Another example has become vital to every IT group around the world: operational metrics for servers, networks, applications, environments, and more. This kind of time-series metric data is crucial to keeping the services that we rely on, running without interruption. By tracking the changes in each metric, IT departments can quickly identify problems, plan for capacity increases during upcoming events, and diagnose if an application update resulted in changed user behavior, for better or worse. (See how LAIKA uses Timescale to track resource consumption and plan for future needs.)
These examples illustrate a key point: preserving the inherent time-series nature of our data allows us preserve valuable information about how that data changes over time. You may also notice that both of these examples describe a common type of time-series data known as event data.
Of course, storing data at this resolution comes with an obvious problem: you end up with a lot of data, rather fast. So that’s the catch: being able to analyze increased amounts of time-series data is more valuable than ever, but it piles up very quickly.
Having a lot of data creates a different set of problems, both when recording it and when trying to query it in a performant way, which is why people are turning to time-series databases in greater numbers than ever before. The world is demanding that we make better data-driven decisions, faster. The static snapshots found in traditional data won’t cut it. To satisfy the demand, you need to be collecting data at the highest fidelity possible – and that’s what time-series data provides: the dynamic movie of what’s happening across your system (whether it’s your software, your physical power plant, your game, or customers inside your application).

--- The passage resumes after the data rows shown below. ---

text \<open>F-pure: the inclusion R -> R^{1/p}, r |-> (r^p)^{1/p}, splits.\<close>
definition F_pure_ring :: "nat \<Rightarrow> 'a::comm_ring_1 itself \<Rightarrow> bool" where
  "F_pure_ring p _ \<longleftrightarrow> (\<exists>\<theta>::'a \<Rightarrow> 'a. root_linear p 1 \<theta> \<and> (\<forall>r. \<theta> (r ^ p) = r))"

definition F_pure_pair :: "nat \<Rightarrow> 'a::comm_ring_1 \<Rightarrow> real \<Rightarrow> bool" where
  "F_pure_pair p f lam \<longleftrightarrow>
     (\<forall>e\<ge>1. root_splits p e (f ^ nat \<lfloor>(real (p ^ e) - 1) * lam\<rfloor>))"

definition fpt :: "nat \<Rightarrow> 'a::comm_ring_1 \<Rightarrow> real" where
  "fpt p f = Sup {lam. lam \<ge> 0 \<and> F_pure_pair p f lam}"

text \<open>Non-terminating base p expansion: alpha = sum_{e>=1} a_e / p^e, 0 <= a_e <= p-1,
  not eventually zero (index 0 unused, set to 0).\<close>
definition nonterm_expansion :: "nat \<Rightarrow> real \<Rightarrow> (nat \<Rightarrow> nat) \<Rightarrow> bool" where
  "nonterm_expansion p \<alpha> a \<longleftrightarrow>
     a 0 = 0 \<and> (\<forall>i. a i \<le> p - 1) \<and> (\<forall>N. \<exists>i>N. a i \<noteq> 0) \<and>
     (\<lambda>i. real (a i) / real p ^ i) sums \<alpha>"

definition trunc :: "nat \<Rightarrow> real \<Rightarrow> nat \<Rightarrow> real" where
  "trunc p \<alpha> e = (if \<alpha> = 0 then 0 else
     (let a = (THE a. nonterm_expansion p \<alpha> a) in \<Sum>i=1..e. real (a i) / real p ^ i))"

end

theory Submission
  imports Defs
begin

text \<open>Let \<open>\<nu>(e)\<close> be the largest \<open>a\<close> for which \<open>f^{a/p^e}\<close> splits (it exists and is \<open>< p^e\<close> since
  \<open>f\<close> is a non-unit). Composing splittings gives \<open>\<nu>(e) p^j \<le> \<nu>(e+j)\<close>; conversely, a splitting of
  \<open>f^{b/p^{e+j}}\<close> restricted along the \<open>p^j\<close>-th power map (additive in characteristic \<open>p\<close>) gives a
  splitting of \<open>f^{\<lfloor>b/p^j\<rfloor>/p^e}\<close>, so \<open>\<nu>(e+j) < (\<nu>(e)+1) p^j\<close>. Hence
  \<open>\<nu>(e)/p^e \<le> fpt(f) \<le> (\<nu>(e)+1)/p^e\<close>, and the first inequality is strict once some \<open>\<nu>(k) \<ge> 1\<close>.
  The differences \<open>\<nu>(e) - p \<nu>(e-1)\<close> are therefore base \<open>p\<close> digits of \<open>fpt(f)\<close>, not eventually zero,
  so by uniqueness of non-terminating expansions they are the digits, and \<open>p^e \<langle>fpt(f)\<rangle>_e = \<nu>(e)\<close>.\<close>

section \<open>Splittings of roots\<close>

lemma root_linear_comp:
  fixes \<theta> \<psi> :: "'a::comm_ring_1 \<Rightarrow> 'a"
  assumes "root_linear p e \<theta>" "root_linear p k \<psi>"
  shows "root_linear p (e + k) (\<theta> \<circ> \<psi>)"
proof -
  have "\<theta> (\<psi> (s ^ (p ^ (e + k)) * r)) = s * \<theta> (\<psi> r)" for s r :: 'a
  proof -
    have "s ^ (p ^ (e + k)) = (s ^ (p ^ e)) ^ (p ^ k)" by (simp add: power_add power_mult)
    then have "\<psi> (s ^ (p ^ (e + k)) * r) = s ^ (p ^ e) * \<psi> r"
      using assms(2) by (simp add: root_linear_def)
    then show ?thesis using assms(1) by (simp add: root_linear_def)
  qed
  then show ?thesis using assms by (simp add: root_linear_def)
qed

lemma root_splits_mult_power:
  fixes u v :: "'a::comm_ring_1"
  assumes "root_splits p e u" "root_splits p k v"
  shows "root_splits p (e + k) (u ^ (p ^ k) * v)"
proof -
  obtain \<theta> where \<theta>: "root_linear p e \<theta>" "\<theta> u = 1" using assms(1) root_splits_def by blast
  obtain \<psi> where \<psi>: "root_linear p k \<psi>" "\<psi> v = 1" using assms(2) root_splits_def by blast
  have "(\<theta> \<circ> \<psi>) (u ^ (p ^ k) * v) = 1"
    using \<theta> \<psi> by (simp add: root_linear_def)
  then show ?thesis using root_linear_comp[OF \<theta>(1) \<psi>(1)] root_splits_def by blast
qed

lemma root_splits_one:
  assumes "F_pure_ring p TYPE('a::comm_ring_1)"
  shows "root_splits p e (1::'a)"
proof (induction e)
  case 0
  have "root_linear p 0 (id::'a \<Rightarrow> 'a)" by (simp add: root_linear_def)
  then show ?case unfolding root_splits_def by (intro exI[of _ id]) simp
next
  case (Suc e)
  obtain \<theta> :: "'a \<Rightarrow> 'a" where \<theta>: "root_linear p 1 \<theta>" "\<forall>r. \<theta> (r ^ p) = r"
    using assms F_pure_ring_def by blast
  have "\<theta> 1 = 1" using \<theta>(2) by (metis power_one)
  then have "root_splits p 1 (1::'a)" using \<theta>(1) root_splits_def by blast
  from root_splits_mult_power[OF Suc this] show ?case by simp
qed

lemma root_splits_mult_left:
  fixes u v :: "'a::comm_ring_1"
  assumes "root_splits p e (u * v)"
  shows "root_splits p e u"
proof -
  obtain \<theta> where \<theta>: "root_linear p e \<theta>" "\<theta> (u * v) = 1" using assms root_splits_def by blast
  have "root_linear p e (\<lambda>x. \<theta> (x * v))"
    using \<theta>(1) unfolding root_linear_def by (simp add: distrib_right mult.assoc)
  then show ?thesis using \<theta>(2) root_splits_def by blast
qed

lemma root_splits_power_mono:
  fixes f :: "'a::comm_ring_1"
  assumes "root_splits p e (f ^ a)" "b \<le> a"
  shows "root_splits p e (f ^ b)"
proof -
  have "f ^ a = f ^ b * f ^ (a - b)" using assms(2) by (simp flip: power_add)
  then show ?thesis using assms(1) root_splits_mult_left by metis
qed

lemma root_splits_power_div:
  fixes f :: "'a::comm_ring_1"
  assumes "prime p" "CHAR('a) = p" "root_splits p (e + j) (f ^ b)"
  shows "root_splits p e (f ^ (b div p ^ j))"
proof -
  obtain \<psi> where \<psi>: "root_linear p (e + j) \<psi>" "\<psi> (f ^ b) = 1"
    using assms(3) root_splits_def by blast
  define \<theta> where "\<theta> x = \<psi> (x ^ (p ^ j) * f ^ (b mod p ^ j))" for x
  have frobenius_add: "(x + y) ^ (p ^ j) = x ^ (p ^ j) + y ^ (p ^ j)" for x y :: 'a
    using freshmans_dream'[where m="p ^ j" and n=j and x=x and y=y] assms by simp
  have "root_linear p e \<theta>"
    unfolding root_linear_def
  proof (intro conjI allI)
    fix x y show "\<theta> (x + y) = \<theta> x + \<theta> y"
      using \<psi>(1) unfolding \<theta>_def root_linear_def by (simp add: frobenius_add distrib_right)
  next
    fix s r :: 'a
    have "(s ^ p ^ e * r) ^ p ^ j * f ^ (b mod p ^ j)
        = s ^ p ^ (e + j) * (r ^ p ^ j * f ^ (b mod p ^ j))"
      by (simp add: power_mult_distrib power_add power_mult mult.assoc)
    then show "\<theta> (s ^ p ^ e * r) = s * \<theta> r"
      using \<psi>(1) unfolding \<theta>_def root_linear_def by simp
  qed
  moreover have "\<theta> (f ^ (b div p ^ j)) = 1"
  proof -
    have "(f ^ (b div p ^ j)) ^ p ^ j * f ^ (b mod p ^ j) = f ^ b"
      by (simp flip: power_mult power_add del: div_mult_mod_eq add: div_mult_mod_eq)
    then show ?thesis using \<psi>(2) \<theta>_def by simp
  qed
  ultimately show ?thesis using root_splits_def by blast
qed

Why do I need a time-series database?
You might ask: Why can’t I just use a “normal” (i.e., non-time-series) database?
The truth is that you can, and some people do. But, there’s at least two reasons why TSDBs are the fastest growing category of databases today: scale and usability.
Scale: Time-series data accumulates very quickly, and normal databases are not designed to handle that scale (at least not in an automated way). Traditionally, relational databases fare poorly with very large datasets, while NoSQL databases are better at scale (although a relational database fine-tuned for time-series data can actually perform better, as we’ve shown in benchmarks versus InfluxDB, versus Cassandra, and versus MongoDB). In contrast, time-series databases - whether they’re relational or NoSQL-based - introduce efficiencies that are only possible when you treat time as a first-class citizen. These efficiencies allow them to offer massive scale, from performance improvements, including higher ingest rates and faster queries at scale (although some support more queries than others) to better data compression.
Usability: TSDBs also typically include built-in functions and operations common to time-series data analysis, such as data retention policies, continuous queries, flexible time aggregations, etc. Even if you’re just starting to collect this type of data and scale is not a concern at the moment, these features can still provide a better user experience and make data analysis tasks easier. Having built-in functions and features to analyze trends readily available at the data-layer often leads you to discover opportunities you didn’t know existed, no matter how big or small your dataset
This is why developers are increasingly adopting time-series databases and using them for a variety of use cases:
- Monitoring software systems: Virtual machines, containers, services, applications
- Monitoring physical systems: Equipment, machinery, connected devices, the environment, our homes, our bodies
- Asset tracking applications: Vehicles, trucks, physical containers, pallets
- Financial trading systems: Classic securities, newer cryptocurrencies
- Eventing applications: Tracking user/customer interaction data
- Business intelligence tools: Tracking key metrics and the overall health of the business
- (and more)
Once you begin to see more of the information your applications store as time-series data, you still have to pick a time-series database that best fits your data model, write/read pattern, and developer skill sets. Although NoSQL time-series database options have prevailed for the past decade as the storage medium of choice, more and more developers are seeing the downside to storing time-series data separately from business data (most time-series databases don’t provide good support for relational data). In fact, this poor developer experience was one of the driving factors in why we started Timescale. Keeping all of your data in one system can drastically reduce application development time – and the speed at which you can make key decisions.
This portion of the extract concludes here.